lemma control_comp_measurable:
  fixes F :: "'n \<Rightarrow> 'm \<Rightarrow> 'q::euclidean_space"
  assumes F: "continuous_on (UNIV \<times> U) (\<lambda>(x, v). F x v)" and u: "u \<in> controls T U"
    and ab: "{a..b} \<subseteq> {0..T}" and y: "continuous_on {a..b} y"
  shows "(\<lambda>r. F (y r) (u r)) \<in> borel_measurable (lebesgue_on {a..b})"
proof -
  have "u \<in> borel_measurable (lebesgue_on {a..b})"
    using u ab measurable_restrict_mono unfolding controls_def by blast
  moreover have "y \<in> borel_measurable (lebesgue_on {a..b})"
    by (rule continuous_imp_measurable_on_sets_lebesgue[OF y]) auto
  ultimately have pair: "(\<lambda>r. (y r, u r)) \<in> borel_measurable (lebesgue_on {a..b})"
    using borel_measurable_Pair by blast
  have "(\<lambda>r. (y r, u r)) \<in> measurable (lebesgue_on {a..b}) (restrict_space borel (UNIV \<times> U))"
    by (rule measurable_restrict_space2[OF _ pair]) (use ab control_in_U[OF u] in auto)
  moreover have "(\<lambda>(x, v). F x v) \<in> borel_measurable (restrict_space borel (UNIV \<times> U))"
    by (rule borel_measurable_continuous_on_restrict[OF F])
  ultimately have "(\<lambda>(x, v). F x v) \<circ> (\<lambda>r. (y r, u r)) \<in> borel_measurable (lebesgue_on {a..b})"
    by (rule measurable_comp)
  then show ?thesis by (simp add: o_def)
qed

lemma control_comp_integrable:
  fixes F :: "'n \<Rightarrow> 'm \<Rightarrow> 'q::euclidean_space"
  assumes F: "continuous_on (UNIV \<times> U) (\<lambda>(x, v). F x v)"
    and F_bound: "\<And>x v. v \<in> U \<Longrightarrow> norm (F x v) \<le> M"
    and u: "u \<in> controls T U" and ab: "{a..b} \<subseteq> {0..T}" and y: "continuous_on {a..b} y"
  shows "(\<lambda>r. F (y r) (u r)) integrable_on {a..b}"
proof -
  have "(\<lambda>r. F (y r) (u r)) absolutely_integrable_on {a..b}"
  proof (rule measurable_bounded_by_integrable_imp_absolutely_integrable[where g="\<lambda>_. M"])
    show "(\<lambda>r. F (y r) (u r)) \<in> borel_measurable (lebesgue_on {a..b})"
      by (rule control_comp_measurable[OF F u ab y])
    show "norm (F (y r) (u r)) \<le> M" if "r \<in> {a..b}" for r
      using that ab control_in_U[OF u] F_bound by auto
  qed auto
  then show ?thesis by (simp add: absolutely_integrable_on_def)
qed

lemma traj_integrable:
  assumes "is_traj f T t x0 u y" and "t \<in> {0..T}"
  shows "(\<lambda>r. f (y r) (u r)) integrable_on {t..T}"
  using assms unfolding is_traj_def by (meson atLeastAtMost_iff has_integral_integrable order_refl)

lemma traj_eq:
  assumes "is_traj f T t x0 u y" and "s \<in> {t..T}"
  shows "y s = x0 + integral {t..s} (\<lambda>r. f (y r) (u r))"
  using assms unfolding is_traj_def by (metis add.commute diff_add_cancel integral_unique)

lemma traj_continuous:
  assumes tr: "is_traj f T t x0 u y" and t: "t \<in> {0..T}"
  shows "continuous_on {t..T} y"
proof -
  have "continuous_on {t..T} (\<lambda>s. x0 + integral {t..s} (\<lambda>r. f (y r) (u r)))"
    by (intro continuous_intros indefinite_integral_continuous_1 traj_integrable[OF tr t])
  then show ?thesis by (rule continuous_on_eq) (use traj_eq[OF tr] in auto)
qed

lemma traj_displacement:
  assumes tr: "is_traj f T t x0 u y" and u: "u \<in> controls T U" and t: "t \<in> {0..T}"
    and s: "s \<in> {t..T}"
  shows "norm (y s - x0) \<le> M_f * (s - t)"
proof -
  have int: "((\<lambda>r. f (y r) (u r)) has_integral (y s - x0)) (cbox t s)"
    using tr s unfolding is_traj_def by auto
  have "\<And>r. r \<in> cbox t s \<Longrightarrow> norm (f (y r) (u r)) \<le> M_f"
    using control_in_U[OF u] t s f_bound by auto
  from has_integral_bound[OF constants_nonneg(2) int this] show ?thesis using s by simp
qed

lemma traj_restart:
  assumes tr: "is_traj f T t1 x1 u y" and t1: "t1 \<in> {0..T}" and t2: "t2 \<in> {t1..T}"
  shows "is_traj f T t2 (y t2) u y"
  unfolding is_traj_def
proof
  fix s assume s: "s \<in> {t2..T}"
  let ?g = "\<lambda>r. f (y r) (u r)"
  have int: "?g integrable_on {t1..s}"
    by (rule integrable_subinterval_real[OF traj_integrable[OF tr t1]]) (use s in auto)
  have "integral {t1..t2} ?g + integral {t2..s} ?g = integral {t1..s} ?g"
    by (rule Henstock_Kurzweil_Integration.integral_combine[OF _ _ int]) (use t2 s in auto)
  moreover have "y s = x1 + integral {t1..s} ?g" "y t2 = x1 + integral {t1..t2} ?g"
    using traj_eq[OF tr] s t2 by auto
  ultimately have "integral {t2..s} ?g = y s - y t2" by (simp add: algebra_simps)
  moreover have "?g integrable_on {t2..s}"
    by (rule integrable_subinterval_real[OF int]) (use t2 in auto)
  ultimately show "(?g has_integral (y s - y t2)) {t2..s}" by (metis integrable_integral)
qed

lemma traj_stability:
  assumes u: "u \<in> controls T U" and t: "t \<in> {0..T}"
    and tr1: "is_traj f T t x1 u y1" and tr2: "is_traj f T t x2 u y2" and s: "s \<in> {t..T}"
  shows "norm (y1 s - y2 s) \<le> norm (x1 - x2) * exp (2 * K_f * (s - t))"
proof -
  define d where "d r = y1 r - y2 r" for r
  have dc: "continuous_on {t..T} d"
    unfolding d_def by (intro continuous_intros traj_continuous[OF tr1 t] traj_continuous[OF tr2 t])
  have "norm (d r) \<le> norm (x1 - x2) + integral {t..r} (\<lambda>q. K_f * norm (d q))" if r: "r \<in> {t..T}" for r
  proof -
    let ?g1 = "\<lambda>q. f (y1 q) (u q)" and ?g2 = "\<lambda>q. f (y2 q) (u q)"
    have i1: "?g1 integrable_on {t..r}" and i2: "?g2 integrable_on {t..r}"
      using r by (auto intro: integrable_subinterval_real traj_integrable[OF tr1 t]
          traj_integrable[OF tr2 t])
    have eq: "d r = (x1 - x2) + integral {t..r} (\<lambda>q. ?g1 q - ?g2 q)"
      unfolding d_def traj_eq[OF tr1 r] traj_eq[OF tr2 r] integral_diff[OF i1 i2] by simp
    have bound: "norm (integral {t..r} (\<lambda>q. ?g1 q - ?g2 q)) \<le> integral {t..r} (\<lambda>q. K_f * norm (d q))"
    proof (rule integral_norm_bound_integral)
      show "(\<lambda>q. ?g1 q - ?g2 q) integrable_on {t..r}" using i1 i2 by (rule integrable_diff)
      show "(\<lambda>q. K_f * norm (d q)) integrable_on {t..r}"
        by (intro integrable_continuous_interval continuous_intros continuous_on_subset[OF dc])
          (use r in auto)
      show "norm (?g1 q - ?g2 q) \<le> K_f * norm (d q)" if "q \<in> {t..r}" for q
        unfolding d_def by (rule f_lipschitz[OF control_in_U[OF u]]) (use that r t in auto)
    qed
    show ?thesis
      unfolding eq using bound norm_triangle_ineq[of "x1 - x2" "integral {t..r} (\<lambda>q. ?g1 q - ?g2 q)"]
      by linarith
  qed
  then show ?thesis
    using gronwall_exp_bound[OF _ constants_nonneg(1) dc _ s] s unfolding d_def by auto
qed

text \<open>Deviation of two trajectories driven by the same control from different initial data:
  the later one starts within M_f * (t2 - t1) + norm (x1 - x2) of the earlier one.\<close>
lemma traj_deviation:
  assumes u: "u \<in> controls T U" and t1: "t1 \<in> {0..T}" and t2: "t2 \<in> {t1..T}"
    and tr1: "is_traj f T t1 x1 u y1" and tr2: "is_traj f T t2 x2 u y2" and s: "s \<in> {t2..T}"
  shows "norm (y1 s - y2 s) \<le> (M_f * (t2 - t1) + norm (x1 - x2)) * exp (2 * K_f * T)"
proof -
  have t2': "t2 \<in> {0..T}" using t1 t2 by auto
  have "norm (y1 t2 - x2) \<le> M_f * (t2 - t1) + norm (x1 - x2)"
    using traj_displacement[OF tr1 u t1 t2] norm_triangle_ineq[of "y1 t2 - x1" "x1 - x2"] by simp
  moreover have "exp (2 * K_f * (s - t2)) \<le> exp (2 * K_f * T)"
    using constants_nonneg(1) s t2' by (simp add: mult_left_mono)
  ultimately have "norm (y1 t2 - x2) * exp (2 * K_f * (s - t2))
                     \<le> (M_f * (t2 - t1) + norm (x1 - x2)) * exp (2 * K_f * T)"
    by (simp add: mult_mono')
  then show ?thesis
    using traj_stability[OF u t2' traj_restart[OF tr1 t1 t2] tr2 s] by linarith
qed

text \<open>Dependence of the cost on the initial data for a fixed control: the costs differ by the
  cost of the extra time interval plus the integrated Lipschitz effect of the deviation.\<close>
lemma cost_compare:
  assumes u: "u \<in> controls T U" and t1: "t1 \<in> {0..T}" and t2: "t2 \<in> {t1..T}"
    and tr1: "is_traj f T t1 x1 u y1" and tr2: "is_traj f T t2 x2 u y2"
  shows "norm (integral {t1..T} (\<lambda>s. L (y1 s) (u s)) - integral {t2..T} (\<lambda>s. L (y2 s) (u s)))
           \<le> M_L * (t2 - t1) + K_L * T * exp (2 * K_f * T) * (M_f * (t2 - t1) + norm (x1 - x2))"
proof -
  have t2': "t2 \<in> {0..T}" using t1 t2 by auto
  define \<delta> where "\<delta> = M_f * (t2 - t1) + norm (x1 - x2)"
  have "\<delta> \<ge> 0" unfolding \<delta>_def using constants_nonneg t2 by auto
  define l1 where "l1 r = L (y1 r) (u r)" for r
  define l2 where "l2 r = L (y2 r) (u r)" for r
  have li1: "l1 integrable_on {t1..T}" unfolding l1_def
    by (rule control_comp_integrable[OF L_cont L_bound u _ traj_continuous[OF tr1 t1]]) (use t1 in auto)
  have li1a: "l1 integrable_on {t1..t2}" and li1b: "l1 integrable_on {t2..T}"
    using t2 by (auto intro: integrable_subinterval_real[OF li1])
  have li2: "l2 integrable_on {t2..T}" unfolding l2_def
    by (rule control_comp_integrable[OF L_cont L_bound u _ traj_continuous[OF tr2 t2']]) (use t2' in auto)
  have split: "integral {t1..T} l1 - integral {t2..T} l2
                 = integral {t1..t2} l1 + integral {t2..T} (\<lambda>r. l1 r - l2 r)"
    using Henstock_Kurzweil_Integration.integral_combine[of t1 t2 T l1] li1 t2 integral_diff[OF li1b li2] by auto
  have "norm (integral {t1..t2} l1) \<le> integral {t1..t2} (\<lambda>_. M_L)"
    by (rule integral_norm_bound_integral[OF li1a])
      (use t1 t2 control_in_U[OF u] L_bound in \<open>auto simp: l1_def\<close>)
  then have head: "norm (integral {t1..t2} l1) \<le> M_L * (t2 - t1)"
    using t2 by (simp add: mult.commute)
  have "norm (integral {t2..T} (\<lambda>r. l1 r - l2 r)) \<le> integral {t2..T} (\<lambda>_. K_L * (\<delta> * exp (2 * K_f * T)))"
  proof (rule integral_norm_bound_integral)
    show "(\<lambda>r. l1 r - l2 r) integrable_on {t2..T}" using li1b li2 by (rule integrable_diff)
    show "norm (l1 r - l2 r) \<le> K_L * (\<delta> * exp (2 * K_f * T))" if r: "r \<in> {t2..T}" for r
    proof -
      have "norm (l1 r - l2 r) \<le> K_L * norm (y1 r - y2 r)"
        unfolding l1_def l2_def by (rule L_lipschitz[OF control_in_U[OF u]]) (use r t2' in auto)
      also have "\<dots> \<le> K_L * (\<delta> * exp (2 * K_f * T))"
        using traj_deviation[OF u t1 t2 tr1 tr2 r] constants_nonneg(3)
        unfolding \<delta>_def by (simp add: mult_left_mono)
      finally show ?thesis .
    qed
  qed auto
  also have "\<dots> = K_L * (\<delta> * exp (2 * K_f * T)) * (T - t2)" using t2 by simp
  also have "\<dots> \<le> K_L * (\<delta> * exp (2 * K_f * T)) * T"
    using t2' constants_nonneg(3) \<open>\<delta> \<ge> 0\<close> by (intro mult_left_mono) auto
  finally have tail: "norm (integral {t2..T} (\<lambda>r. l1 r - l2 r)) \<le> K_L * T * exp (2 * K_f * T) * \<delta>"
    by (simp add: mult_ac)
  have "norm (integral {t1..T} l1 - integral {t2..T} l2) \<le> M_L * (t2 - t1) + K_L * T * exp (2 * K_f * T) * \<delta>"
    unfolding split
    using head tail norm_triangle_ineq[of "integral {t1..t2} l1" "integral {t2..T} (\<lambda>r. l1 r - l2 r)"]
    by linarith
  then show ?thesis unfolding l1_def l2_def \<delta>_def .
qed

text \<open>Picard iteration in a Bielecki-weighted sup norm: a bounded continuous function w stands
  for the path r \<mapsto> exp(2 K_f (r - t)) w(r), and one Picard step is reweighted accordingly.
  The weight makes the step a contraction with constant 1/2 on the whole interval.\<close>
definition weighted_path :: "real \<Rightarrow> (real \<Rightarrow>\<^sub>C 'n) \<Rightarrow> real \<Rightarrow> 'n" where
  "weighted_path t w r = exp (2 * K_f * (r - t)) *\<^sub>R w r"

definition picard_step :: "real \<Rightarrow> 'n \<Rightarrow> (real \<Rightarrow> 'm) \<Rightarrow> (real \<Rightarrow>\<^sub>C 'n) \<Rightarrow> real \<Rightarrow> 'n" where
  "picard_step t x0 u w s =
     exp (- (2 * K_f * (s - t))) *\<^sub>R (x0 + integral {t..s} (\<lambda>r. f (weighted_path t w r) (u r)))"

lemma picard_integrable:
  assumes "u \<in> controls T U" and "t \<in> {0..T}" and "a \<in> {t..T}"
  shows "(\<lambda>r. f (weighted_path t w r) (u r)) integrable_on {t..a}"
proof (rule control_comp_integrable[OF f_cont f_bound assms(1)])
  show "continuous_on {t..a} (weighted_path t w)"
    unfolding weighted_path_def by (intro continuous_intros) auto
qed (use assms in auto)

WHAT THE TASK REQUIRES: What are the lines above that hold the string "close"? Copy them.

YOUR SOLUTION:
  the later one starts within M_f * (t2 - t1) + norm (x1 - x2) of the earlier one.\<close>
  cost of the extra time interval plus the integrated Lipschitz effect of the deviation.\<close>
      (use t1 t2 control_in_U[OF u] L_bound in \<open>auto simp: l1_def\<close>)
    using t2' constants_nonneg(3) \<open>\<delta> \<ge> 0\<close> by (intro mult_left_mono) auto
  The weight makes the step a contraction with constant 1/2 on the whole interval.\<close>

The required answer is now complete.